* Aim of the task *
Tally the lines of these entries that include "fixes"; respond with only that tally.

* Dataset records *
---------------
lemma card_progression_some_dvd_bound:
  fixes A :: "int set" and C :: "nat set" and M K :: int and L T n :: nat and d :: real
  assumes "finite A" "card A \<le> n" "0 < M" "0 \<le> K" "\<And>a. a \<in> A \<Longrightarrow> 0 < a \<and> a \<le> K"
    and C: "\<And>b. b \<in> C \<Longrightarrow> 0 < b \<and> coprime (int b) M"
    and summable: "(\<lambda>b. 1 / real b) summable_on C"
    and small: "real n * infsum (\<lambda>b. 1 / real b) C \<le> 1 / 2"
    and tail: "\<And>G. G \<subseteq> C \<Longrightarrow> (\<forall>b\<in>G. T < b) \<Longrightarrow> infsum (\<lambda>b. 1 / real b) G \<le> d"
  shows "real (card {t\<in>{0..<int L}. \<exists>a\<in>A. \<exists>b\<in>C. int b dvd a + M * t})
    \<le> real L / 2 + real n * (T + real_of_int (K + M * int L) * d)"
proof -
  define X where "X = K + M * int L"
  define C' where "C' = {b\<in>C. int b \<le> X}"
  define s where "s = (\<Sum>b\<in>C'. 1 / real b)"
  have "finite C'" unfolding C'_def by (rule finite_subset[of _ "{..nat X}"]) auto
  have "0 \<le> X" using assms(3,4) by (simp add: X_def)
  have "0 \<le> s" unfolding s_def by (intro sum_nonneg) auto
  have "s \<le> infsum (\<lambda>b. 1 / real b) C"
    unfolding s_def using \<open>finite C'\<close> summable by (intro finite_sum_le_infsum) (auto simp: C'_def)
  then have "real n * s \<le> 1 / 2" by (rule order_trans[OF mult_left_mono[OF _ of_nat_0_le_iff] small])
  then have "real L * (real n * s) \<le> real L * (1 / 2)" by (rule mult_left_mono) simp
  have "infsum (\<lambda>b. 1 / real b) {b\<in>C'. T < b} \<le> d" by (rule tail) (auto simp: C'_def)
  then have "(\<Sum>b\<in>{b\<in>C'. T < b}. 1 / real b) \<le> d" using \<open>finite C'\<close> by simp
  moreover have "real (card C') \<le> real T + real (nat X) * (\<Sum>b\<in>{b\<in>C'. T < b}. 1 / real b)"
    using \<open>finite C'\<close> C by (intro card_le_threshold_plus_sum_inverse) (auto simp: C'_def)
  ultimately have "real n * card C' \<le> real n * (T + real_of_int X * d)"
    using \<open>0 \<le> X\<close> mult_left_mono[of "\<Sum>b\<in>{b\<in>C'. T < b}. 1 / real b" d "real_of_int X"]
    by (intro mult_left_mono) auto
  have "real (card {t\<in>{0..<int L}. \<exists>a\<in>A. \<exists>b\<in>C. int b dvd a + M * t})
      \<le> real (\<Sum>a\<in>A. \<Sum>b\<in>C'. card {t\<in>{0..<int L}. int b dvd a + M * t})"
    unfolding C'_def X_def using assms(1,3,5) by (intro of_nat_mono card_progression_some_dvd_le)
  also have "\<dots> = (\<Sum>a\<in>A. \<Sum>b\<in>C'. real (card {t\<in>{0..<int L}. int b dvd a + M * t}))"
    by simp
  also have "\<dots> \<le> (\<Sum>a\<in>A. \<Sum>b\<in>C'. real L / real b + 1)"
    using C by (intro sum_mono card_progression_dvd_le) (auto simp: C'_def)
  also have "\<dots> = real (card A) * (real L * s + card C')"
    by (simp add: sum.distrib sum_distrib_left s_def)
  also have "\<dots> \<le> real n * (real L * s + card C')"
    using \<open>card A \<le> n\<close> \<open>0 \<le> s\<close> by (intro mult_right_mono) auto
  also have "\<dots> \<le> real L / 2 + real n * (T + real_of_int X * d)"
    using \<open>real L * (real n * s) \<le> real L * (1 / 2)\<close>
      \<open>real n * card C' \<le> real n * (T + real_of_int X * d)\<close>
    by (simp add: algebra_simps)
  finally show ?thesis unfolding X_def .
qed

lemma exists_shift_avoiding_divisors_pos:
  fixes A :: "int set" and C :: "nat set" and M :: int
  assumes "finite A" "card A \<le> n" "0 < M" "\<And>a. a \<in> A \<Longrightarrow> 0 < a"
    and C: "\<And>b. b \<in> C \<Longrightarrow> 0 < b \<and> coprime (int b) M"
    and summable: "(\<lambda>b. 1 / real b) summable_on C"
    and small: "real n * infsum (\<lambda>b. 1 / real b) C \<le> 1 / 2"
  shows "\<exists>t. \<forall>a\<in>A. \<forall>b\<in>C. \<not> int b dvd a + M * t"
proof (cases "A = {}")
  case False
  have "0 < n" using False \<open>finite A\<close> \<open>card A \<le> n\<close> card_gt_0_iff by fastforce
  define K where "K = Max (insert 0 A)"
  have K: "0 \<le> K" "\<And>a. a \<in> A \<Longrightarrow> a \<le> K" using \<open>finite A\<close> by (auto simp: K_def)
  define d where "d = 1 / (8 * real n * real_of_int M)"
  have "0 < d" using \<open>0 < n\<close> \<open>0 < M\<close> by (simp add: d_def)
  then obtain T where T: "\<And>G. G \<subseteq> C \<Longrightarrow> (\<forall>b\<in>G. T < b) \<Longrightarrow> infsum (\<lambda>b. 1 / real b) G \<le> d"
    using summable_on_tail_small[OF summable] by blast
  define L where "L = 4 * (n * T + nat K) + 1"
  \<comment> \<open>d and L are chosen so that the bound below is at most \<open>7 L / 8\<close>\<close>
  define Bad where "Bad = {t\<in>{0..<int L}. \<exists>a\<in>A. \<exists>b\<in>C. int b dvd a + M * t}"
  have "real (card Bad) \<le> real L / 2 + real n * (T + real_of_int (K + M * int L) * d)"
    unfolding Bad_def using assms(1-4) K C summable small T by (intro card_progression_some_dvd_bound) auto
  also have "\<dots> = real L / 2 + real n * T + real_of_int K / (8 * M) + real L / 8"
    using \<open>0 < n\<close> \<open>0 < M\<close> by (simp add: d_def field_simps)
  also have "\<dots> \<le> real L / 2 + real n * T + real_of_int K + real L / 8"
    using K(1) \<open>0 < M\<close> mult_left_mono[of 1 "8 * real_of_int M" "real_of_int K"]
    by (simp add: divide_le_eq)
  also have "\<dots> < real L"
    using K(1) unfolding L_def by (simp add: add_nonneg_pos)
  finally have "card Bad < card {0..<int L}" by simp
  moreover have "finite Bad" unfolding Bad_def by (rule finite_subset[of _ "{0..<int L}"]) auto
  ultimately have "\<not> {0..<int L} \<subseteq> Bad" by (meson card_mono leD)
  then obtain t where "t \<in> {0..<int L}" "t \<notin> Bad" by blast
  then show ?thesis unfolding Bad_def by blast
qed simp

lemma exists_shift_avoiding_divisors:
  fixes A :: "int set" and C :: "nat set" and M :: int
  assumes "finite A" "card A \<le> n" "0 < M"
    and C: "\<And>b. b \<in> C \<Longrightarrow> 0 < b \<and> coprime (int b) M"
    and summable: "(\<lambda>b. 1 / real b) summable_on C"
    and small: "real n * infsum (\<lambda>b. 1 / real b) C \<le> 1 / 2"
  shows "\<exists>t. \<forall>a\<in>A. \<forall>b\<in>C. \<not> int b dvd a + M * t"
proof -
  define c where "c = Max (insert 0 (abs ` A)) + 1"
  define A' where "A' = (\<lambda>a. a + M * c) ` A"
  have "0 < a + M * c" if "a \<in> A" for a
  proof -
    have "\<bar>a\<bar> \<le> Max (insert 0 (abs ` A))" "0 \<le> Max (insert 0 (abs ` A))"
      using \<open>finite A\<close> that by simp_all
    then have "- a < c" "0 \<le> c" unfolding c_def by linarith+
    moreover have "c \<le> M * c" using \<open>0 < M\<close> \<open>0 \<le> c\<close> mult_right_mono[of 1 M c] by simp
    ultimately show ?thesis by linarith
  qed
  then have pos: "\<And>a. a \<in> A' \<Longrightarrow> 0 < a" unfolding A'_def by blast
  have "finite A'" "card A' \<le> n"
    unfolding A'_def using \<open>finite A\<close> le_trans[OF card_image_le \<open>card A \<le> n\<close>] by auto
  then obtain t where "\<forall>a\<in>A'. \<forall>b\<in>C. \<not> int b dvd a + M * t"
    using exists_shift_avoiding_divisors_pos[OF _ _ \<open>0 < M\<close> pos C summable small] by blast
  then have "\<forall>a\<in>A. \<forall>b\<in>C. \<not> int b dvd a + M * (c + t)"
    unfolding A'_def by (simp add: distrib_left add.assoc)
  then show ?thesis by blast
qed

lemma chinese_remainder_int:
  fixes I :: "nat set" and x :: "nat \<Rightarrow> int"
  assumes "finite I" "pairwise coprime I" "0 \<notin> I"
  shows "\<exists>k. \<forall>b\<in>I. [k = x b] (mod int b)"
proof -
  have "\<forall>i\<in>I. \<forall>j\<in>I. i \<noteq> j \<longrightarrow> coprime (id i) (id j)"
    using assms(2) unfolding pairwise_def by simp
  from chinese_remainder_nat[OF assms(1) this, where u = "\<lambda>b. nat (x b mod int b)"]
  obtain k :: nat where k: "\<forall>b\<in>I. [k = nat (x b mod int b)] (mod id b)" by blast
  have "[int k = x b] (mod int b)" if "b \<in> I" for b
  proof -
    have "0 < b" using assms(3) that by (metis gr0I)
    have "[k = nat (x b mod int b)] (mod b)" using k that by simp
    then have "[int k = int (nat (x b mod int b))] (mod int b)" by (simp only: cong_int_iff)
    then show ?thesis using \<open>0 < b\<close> by simp
  qed
  then show ?thesis by blast
qed

lemma exists_cong_avoiding_divisors:
  fixes B I :: "nat set" and x :: "nat \<Rightarrow> int" and A :: "int set"
  assumes coprime: "pairwise coprime B" and "0 \<notin> B" and summable: "(\<lambda>b. 1 / real b) summable_on B"
    and "finite I" "I \<subseteq> B" "finite A" "card A \<le> n"
    and small: "real n * infsum (\<lambda>b. 1 / real b) (B - I) \<le> 1 / 2"
  shows "\<exists>k. (\<forall>b\<in>I. [k = x b] (mod int b)) \<and> (\<forall>a\<in>A. \<forall>b\<in>B - I. \<not> int b dvd a + k)"
proof -
  have "0 \<notin> I" using assms(2,5) by blast
  obtain k where k: "\<forall>b\<in>I. [k = x b] (mod int b)"
    using chinese_remainder_int[OF \<open>finite I\<close> pairwise_subset[OF coprime \<open>I \<subseteq> B\<close>] \<open>0 \<notin> I\<close>] by blast
  define M where "M = (\<Prod>b\<in>I. int b)"
  have "0 < M" unfolding M_def using \<open>0 \<notin> I\<close> by (intro prod_pos) (metis of_nat_0_less_iff gr0I)
  have "coprime (int b) M" if "b \<in> B - I" for b
    unfolding M_def
  proof (rule prod_coprime_right)
    fix i assume "i \<in> I"
    then have "coprime b i" using that \<open>I \<subseteq> B\<close> by (intro pairwiseD[OF coprime]) auto
    then show "coprime (int b) (int i)" by simp
  qed
  moreover have "0 < b" if "b \<in> B - I" for b using that \<open>0 \<notin> B\<close> by (metis DiffD1 gr0I)
  moreover have "(\<lambda>b. 1 / real b) summable_on B - I" using summable by (rule summable_on_subset) blast
  moreover have "finite ((\<lambda>a. a + k) ` A)" "card ((\<lambda>a. a + k) ` A) \<le> n"
    using \<open>finite A\<close> le_trans[OF card_image_le \<open>card A \<le> n\<close>] by auto
  ultimately obtain t where t: "\<forall>a\<in>(\<lambda>a. a + k) ` A. \<forall>b\<in>B - I. \<not> int b dvd a + M * t"
    using exists_shift_avoiding_divisors[OF _ _ \<open>0 < M\<close> _ _ small] by blast
  have "[k + M * t = x b] (mod int b)" if "b \<in> I" for b
  proof -
    have "[M * t = 0] (mod int b)"
      unfolding M_def cong_0_iff using \<open>finite I\<close> that by (simp add: dvd_prodI)
    then show ?thesis using cong_add[OF k[rule_format, OF that]] by fastforce
  qed
  moreover have "\<forall>a\<in>A. \<forall>b\<in>B - I. \<not> int b dvd a + (k + M * t)"
    using t by (simp add: add.assoc)
  ultimately show ?thesis by blast
qed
---------------
* Solved problem *
5